[Opening Exercise data section]

(* Flipping the coproduct turns the meet law of neg and the join law of neg' into the other halves
   of the complement laws, so the roles of the two negations can be exchanged. *)
lemma quantum_complement_pair_coopposite:
  assumes lattice: "rqbdl scale comul eps bt tp meet join"
    and negation: "quantum_negation scale comul eps bt tp meet join neg"
    and negation': "quantum_negation scale comul eps bt tp meet join neg'"
  shows "quantum_complement_pair scale (\<lambda>b. map (\<lambda>(x,y). (y, x)) (comul b)) eps bt tp meet join neg neg'"
proof -
  interpret quantum_complement_pair scale comul eps bt tp meet join neg neg'
    using quantum_complement_pair_if_negations[OF assms] .
  have meet_commute: "\<And>a b. meet a b = meet b a" using lattice by (simp add: rqbdl_def)
  show ?thesis
  proof (rule quantum_complement_pair.intro, unfold sum_pairs_map)
    fix g assume "bilin_map scale g"
    then show "Vector_Spaces.linear scale scale (\<lambda>b. \<Sum>(x,y)\<leftarrow>comul b. g y x)"
      by (intro comul_linear) (simp add: bilin_map_def)
  next
    fix g b assume "trilin_map scale g"
    then have "trilin_map scale (\<lambda>x y z. g z y x)" by (simp add: trilin_map_def)
    from coassoc[OF this, of b]
    show "(\<Sum>(x,y)\<leftarrow>comul b. \<Sum>(u,v)\<leftarrow>comul y. g v u x) = (\<Sum>(x,y)\<leftarrow>comul b. \<Sum>(u,v)\<leftarrow>comul x. g y v u)"
      by simp
  next
    fix g b assume "bilin_map scale g"
    then have "bilin_map scale (\<lambda>x y. g y x)" by (simp add: bilin_map_def)
    from comul_neg[OF this, of b]
    show "(\<Sum>(x,y)\<leftarrow>comul (neg b). g y x) = (\<Sum>(x,y)\<leftarrow>comul b. g (neg x) (neg y))" by simp
  next
    fix b b' b''
    show "meet b (join b' b'') = (\<Sum>(x,y)\<leftarrow>comul b. join (meet y b') (meet x b''))"
      using meet_join_distrib[of b b'' b'] join_commute by simp
  next
    fix b
    show "(\<Sum>(x,y)\<leftarrow>comul b. join y (neg' x)) = scale (eps b) tp"
      using negation' join_commute by (simp add: quantum_negation_def)
    show "(\<Sum>(x,y)\<leftarrow>comul b. meet (neg y) x) = scale (eps b) bt"
      using negation meet_commute by (simp add: quantum_negation_def)
  qed (simp_all add: vector_space meet_bilinear join_bilinear neg_linear neg'_linear
      counit_left counit_right meet_top join_bot join_commute)
qed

[Closing Exercise data section]

From the first line to the last, retype the data exactly.

» Task answer:
(* Flipping the coproduct turns the meet law of neg and the join law of neg' into the other halves
   of the complement laws, so the roles of the two negations can be exchanged. *)
lemma quantum_complement_pair_coopposite:
  assumes lattice: "rqbdl scale comul eps bt tp meet join"
    and negation: "quantum_negation scale comul eps bt tp meet join neg"
    and negation': "quantum_negation scale comul eps bt tp meet join neg'"
  shows "quantum_complement_pair scale (\<lambda>b. map (\<lambda>(x,y). (y, x)) (comul b)) eps bt tp meet join neg neg'"
proof -
  interpret quantum_complement_pair scale comul eps bt tp meet join neg neg'
    using quantum_complement_pair_if_negations[OF assms] .
  have meet_commute: "\<And>a b. meet a b = meet b a" using lattice by (simp add: rqbdl_def)
  show ?thesis
  proof (rule quantum_complement_pair.intro, unfold sum_pairs_map)
    fix g assume "bilin_map scale g"
    then show "Vector_Spaces.linear scale scale (\<lambda>b. \<Sum>(x,y)\<leftarrow>comul b. g y x)"
      by (intro comul_linear) (simp add: bilin_map_def)
  next
    fix g b assume "trilin_map scale g"
    then have "trilin_map scale (\<lambda>x y z. g z y x)" by (simp add: trilin_map_def)
    from coassoc[OF this, of b]
    show "(\<Sum>(x,y)\<leftarrow>comul b. \<Sum>(u,v)\<leftarrow>comul y. g v u x) = (\<Sum>(x,y)\<leftarrow>comul b. \<Sum>(u,v)\<leftarrow>comul x. g y v u)"
      by simp
  next
    fix g b assume "bilin_map scale g"
    then have "bilin_map scale (\<lambda>x y. g y x)" by (simp add: bilin_map_def)
    from comul_neg[OF this, of b]
    show "(\<Sum>(x,y)\<leftarrow>comul (neg b). g y x) = (\<Sum>(x,y)\<leftarrow>comul b. g (neg x) (neg y))" by simp
  next
    fix b b' b''
    show "meet b (join b' b'') = (\<Sum>(x,y)\<leftarrow>comul b. join (meet y b') (meet x b''))"
      using meet_join_distrib[of b b'' b'] join_commute by simp
  next
    fix b
    show "(\<Sum>(x,y)\<leftarrow>comul b. join y (neg' x)) = scale (eps b) tp"
      using negation' join_commute by (simp add: quantum_negation_def)
    show "(\<Sum>(x,y)\<leftarrow>comul b. meet (neg y) x) = scale (eps b) bt"
      using negation meet_commute by (simp add: quantum_negation_def)
  qed (simp_all add: vector_space meet_bilinear join_bilinear neg_linear neg'_linear
      counit_left counit_right meet_top join_bot join_commute)
qed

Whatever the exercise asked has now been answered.